>>>

(* Let $X,Y$ be metric spaces and equip $X\times Y$ with the maximum metric. Then (i) $\dim_{\mathrm P}(X\times Y)\ge \dim_{\mathrm P}X+\vec{\dim}_{\mathrm P}Y$; (ii) $\vec{\dim}_{\mathrm P}(X\times Y)\ge \vec{\dim}_{\mathrm P}X+\vec{\dim}_{\mathrm P}Y$; (iii) $\underline{\dim}_{\mathrm P}(X\times Y)\ge \underline{\dim}_{\mathrm P}X+\underline{\dim}_{\mathrm P}Y$.
   Context: For a subset $E$ of a metric space and $\delta>0$, $N_\delta(E)$ is the minimal cardinality of a cover of $E$ by sets of diameter at most $\delta$. The lower and upper box dimensions of a nonempty set $E$ are $\underline{\dim}_{\mathrm B}E=\liminf_{\delta\to0}\frac{\log N_\delta(E)}{|\log\delta|}$ and $\overline{\dim}_{\mathrm B}E=\limsup_{\delta\to0}\frac{\log N_\delta(E)}{|\log\delta|}$. The (upper) packing dimension is $\dim_{\mathrm P}E=\inf\{\sup_n\overline{\dim}_{\mathrm B}E_n: E\subseteq\bigcup_n E_n\}$, the lower packing dimension is $\underline{\dim}_{\mathrm P}E=\inf\{\sup_n\underline{\dim}_{\mathrm B}E_n: E\subseteq\bigcup_nE_n\}$ (infima over countable covers), and the directed lower packing dimension is $\vec{\dim}_{\mathrm P}E=\inf\{\sup_n\underline{\dim}_{\mathrm B}E_n: E_n\uparrow E\}$, where $E_n\uparrow E$ means that $(E_n)_{n\in\mathbb N}$ is an increasing sequence of sets with union $E$. *)

theory Defs
  imports "HOL-Analysis.Analysis"
begin

definition mdiam :: "('a \<Rightarrow> 'a \<Rightarrow> real) \<Rightarrow> 'a set \<Rightarrow> ereal" where
  "mdiam d A = Sup {ereal (d x y) | x y. x \<in> A \<and> y \<in> A}"

text \<open>N_delta(E): minimal cardinality of a cover of E by subsets of the space M of
  diameter at most delta (infinity if no finite such cover exists).\<close>
definition covnum :: "'a set \<Rightarrow> ('a \<Rightarrow> 'a \<Rightarrow> real) \<Rightarrow> real \<Rightarrow> 'a set \<Rightarrow> ereal" where
  "covnum M d \<delta> E = Inf {ereal (real (card \<C>)) | \<C>. finite \<C> \<and> (\<forall>C\<in>\<C>. C \<subseteq> M \<and> mdiam d C \<le> ereal \<delta>) \<and> E \<subseteq> \<Union>\<C>}"

definition box_ratio :: "'a set \<Rightarrow> ('a \<Rightarrow> 'a \<Rightarrow> real) \<Rightarrow> 'a set \<Rightarrow> real \<Rightarrow> ereal" where
  "box_ratio M d E \<delta> =
     (let N = covnum M d \<delta> E in
      if N = \<infinity> then \<infinity> else ereal (ln (real_of_ereal N) / \<bar>ln \<delta>\<bar>))"

definition lower_box_dim :: "'a set \<Rightarrow> ('a \<Rightarrow> 'a \<Rightarrow> real) \<Rightarrow> 'a set \<Rightarrow> ereal" where
  "lower_box_dim M d E = Liminf (at_right 0) (box_ratio M d E)"

definition upper_box_dim :: "'a set \<Rightarrow> ('a \<Rightarrow> 'a \<Rightarrow> real) \<Rightarrow> 'a set \<Rightarrow> ereal" where
  "upper_box_dim M d E = Limsup (at_right 0) (box_ratio M d E)"

text \<open>Packing dimensions of a nonempty E \<subseteq> M. Box dimensions are only defined for
  nonempty sets, so the supremum ranges over the nonempty pieces E_n.\<close>
definition packing_dim :: "'a set \<Rightarrow> ('a \<Rightarrow> 'a \<Rightarrow> real) \<Rightarrow> 'a set \<Rightarrow> ereal" where
  "packing_dim M d E = Inf {(SUP n\<in>{n. En n \<noteq> {}}. upper_box_dim M d (En n)) | En :: nat \<Rightarrow> 'a set.
       (\<forall>n. En n \<subseteq> M) \<and> E \<subseteq> (\<Union>n. En n)}"

definition lower_packing_dim :: "'a set \<Rightarrow> ('a \<Rightarrow> 'a \<Rightarrow> real) \<Rightarrow> 'a set \<Rightarrow> ereal" where
  "lower_packing_dim M d E = Inf {(SUP n\<in>{n. En n \<noteq> {}}. lower_box_dim M d (En n)) | En :: nat \<Rightarrow> 'a set.
       (\<forall>n. En n \<subseteq> M) \<and> E \<subseteq> (\<Union>n. En n)}"

definition directed_lower_packing_dim :: "'a set \<Rightarrow> ('a \<Rightarrow> 'a \<Rightarrow> real) \<Rightarrow> 'a set \<Rightarrow> ereal" where
  "directed_lower_packing_dim M d E = Inf {(SUP n\<in>{n. En n \<noteq> {}}. lower_box_dim M d (En n)) | En :: nat \<Rightarrow> 'a set.
       incseq En \<and> (\<Union>n. En n) = E}"

definition max_metric :: "('a \<Rightarrow> 'a \<Rightarrow> real) \<Rightarrow> ('b \<Rightarrow> 'b \<Rightarrow> real) \<Rightarrow> ('a \<times> 'b) \<Rightarrow> ('a \<times> 'b) \<Rightarrow> real" where
  "max_metric d1 d2 p q = max (d1 (fst p) (fst q)) (d2 (snd p) (snd q))"

end

theory Submission
  imports Defs "HOL-Real_Asymp.Real_Asymp"
begin

(* Everything rests on separated sets. A maximal \<delta>-separated subset of E is a \<delta>-net, so
   N_2\<delta>(E) > u yields more than u points of E pairwise more than \<delta> apart, while n such points
   force N_\<delta>(E) \<ge> n. In the maximum metric, \<delta>-separated points x_i of A \<subseteq> X together with
   \<delta>-separated points of the fibres E_{x_i} are \<delta>-separated, so N_\<delta>(E) exceeds \<delta>^-(s+t) as soon
   as N_2\<delta>(A) > \<delta>^-s and N_2\<delta>(E_x) > \<delta>^-t for x \<in> A; the factor 2 is absorbed by lowering the
   exponents slightly.
   Given a cover (E_n) of X \<times> Y and x \<in> X, the fibres (E_n)_x cover Y, so one of them has
   dimension > t, i.e. covering numbers above \<delta>^-t for all \<delta> below some 1/(k+1). The countably
   many sets of points x sharing the same (n, k) cover X, so one of them has dimension > s, and
   then E_n has dimension \<ge> s + t. For the upper packing dimension the cover is first made
   increasing by finite unions, which is harmless because the upper box dimension is finitely
   stable. *)

section \<open>Covering numbers\<close>

lemma mdiam_le_ereal_iff: "mdiam d C \<le> ereal \<delta> \<longleftrightarrow> (\<forall>x\<in>C. \<forall>y\<in>C. d x y \<le> \<delta>)"
  unfolding mdiam_def Sup_le_iff by fastforce

lemma covnum_le_card:
  assumes "finite \<C>" "\<forall>C\<in>\<C>. C \<subseteq> M \<and> mdiam d C \<le> ereal \<delta>" "E \<subseteq> \<Union>\<C>"
  shows "covnum M d \<delta> E \<le> ereal (real (card \<C>))"
  unfolding covnum_def by (rule Inf_lower) (use assms in blast)

lemma covnum_empty [simp]: "covnum M d \<delta> {} = 0"
proof (rule antisym)
  show "covnum M d \<delta> {} \<le> 0"
    using covnum_le_card[of "{}" M d \<delta> "{}"] by (simp add: zero_ereal_def)
  show "0 \<le> covnum M d \<delta> {}"
    unfolding covnum_def by (rule Inf_greatest) auto
qed

lemma covnum_ge_1:
  assumes "E \<noteq> {}"
  shows "1 \<le> covnum M d \<delta> E"
  unfolding covnum_def
proof (rule Inf_greatest, clarify)
  fix \<C> :: "'a set set" assume "finite \<C>" "E \<subseteq> \<Union>\<C>"
  then have "\<C> \<noteq> {}" "finite \<C>" using assms by auto
  then show "1 \<le> ereal (real (card \<C>))" by (simp add: Suc_leI card_gt_0_iff)
qed

lemma covnum_mono: "E \<subseteq> F \<Longrightarrow> covnum M d \<delta> E \<le> covnum M d \<delta> F"
  unfolding covnum_def by (rule Inf_superset_mono) blast

lemma covnum_lessE:
  assumes "covnum M d \<delta> E < ereal K"
  obtains \<C> where "finite \<C>" "\<forall>C\<in>\<C>. C \<subseteq> M \<and> mdiam d C \<le> ereal \<delta>" "E \<subseteq> \<Union>\<C>"
    "real (card \<C>) < K"
proof -
  obtain z where "z \<in> {ereal (real (card \<C>)) | \<C>. finite \<C> \<and> (\<forall>C\<in>\<C>. C \<subseteq> M \<and> mdiam d C \<le> ereal \<delta>) \<and> E \<subseteq> \<Union>\<C>}"
    "z < ereal K"
    using assms unfolding covnum_def Inf_less_iff by blast
  then obtain \<C> where "finite \<C>" "\<forall>C\<in>\<C>. C \<subseteq> M \<and> mdiam d C \<le> ereal \<delta>" "E \<subseteq> \<Union>\<C>"
    "ereal (real (card \<C>)) < ereal K"
    by blast
  then show thesis using that by simp
qed

lemma covnum_UN_le:
  assumes "finite J" and small: "\<And>j. j \<in> J \<Longrightarrow> covnum M d \<delta> (E j) < ereal K"
  shows "covnum M d \<delta> (\<Union>j\<in>J. E j) \<le> ereal (real (card J) * K)"
proof -
  define good where "good j \<C> \<longleftrightarrow> finite \<C> \<and> (\<forall>C\<in>\<C>. C \<subseteq> M \<and> mdiam d C \<le> ereal \<delta>) \<and>
    E j \<subseteq> \<Union>\<C> \<and> real (card \<C>) < K" for j \<C>
  have "\<forall>j\<in>J. \<exists>\<C>. good j \<C>"
  proof
    fix j assume "j \<in> J"
    from small[OF this] obtain \<C> where "finite \<C>" "\<forall>C\<in>\<C>. C \<subseteq> M \<and> mdiam d C \<le> ereal \<delta>"
      "E j \<subseteq> \<Union>\<C>" "real (card \<C>) < K"
      by (rule covnum_lessE)
    then show "\<exists>\<C>. good j \<C>" unfolding good_def by blast
  qed
  from bchoice[OF this] obtain \<C> where "\<forall>j\<in>J. good j (\<C> j)" by (elim exE)
  then have fin: "\<And>j. j \<in> J \<Longrightarrow> finite (\<C> j)"
    and sets: "\<And>j C. j \<in> J \<Longrightarrow> C \<in> \<C> j \<Longrightarrow> C \<subseteq> M \<and> mdiam d C \<le> ereal \<delta>"
    and covers: "\<And>j. j \<in> J \<Longrightarrow> E j \<subseteq> \<Union>(\<C> j)"
    and few: "\<And>j. j \<in> J \<Longrightarrow> real (card (\<C> j)) < K"
    unfolding good_def by simp_all
  have "finite (\<Union>j\<in>J. \<C> j)" using fin \<open>finite J\<close> by simp
  moreover have "\<forall>C\<in>(\<Union>j\<in>J. \<C> j). C \<subseteq> M \<and> mdiam d C \<le> ereal \<delta>" using sets by blast
  moreover have "(\<Union>j\<in>J. E j) \<subseteq> \<Union>(\<Union>j\<in>J. \<C> j)" using covers by blast
  ultimately have "covnum M d \<delta> (\<Union>j\<in>J. E j) \<le> ereal (real (card (\<Union>j\<in>J. \<C> j)))"
    by (rule covnum_le_card)
  also have "\<dots> \<le> ereal (\<Sum>j\<in>J. real (card (\<C> j)))"
    using card_UN_le[OF \<open>finite J\<close>, of \<C>] by (simp flip: of_nat_sum)
  also have "\<dots> \<le> ereal (real (card J) * K)"
    using sum_mono[of J "\<lambda>j. real (card (\<C> j))" "\<lambda>_. K"] few by (simp add: less_imp_le)
  finally show ?thesis .
qed

definition separated :: "('a \<Rightarrow> 'a \<Rightarrow> real) \<Rightarrow> real \<Rightarrow> 'a set \<Rightarrow> bool" where
  "separated d \<delta> S \<longleftrightarrow> (\<forall>x\<in>S. \<forall>y\<in>S. x \<noteq> y \<longrightarrow> \<delta> < d x y)"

<<<

## [PROBLEM DESCRIPTION]
Read through the entries and copy every line that includes "proof".

## [RESPONSE AREA]
proof (rule antisym)
proof (rule Inf_greatest, clarify)
proof -
proof -
  proof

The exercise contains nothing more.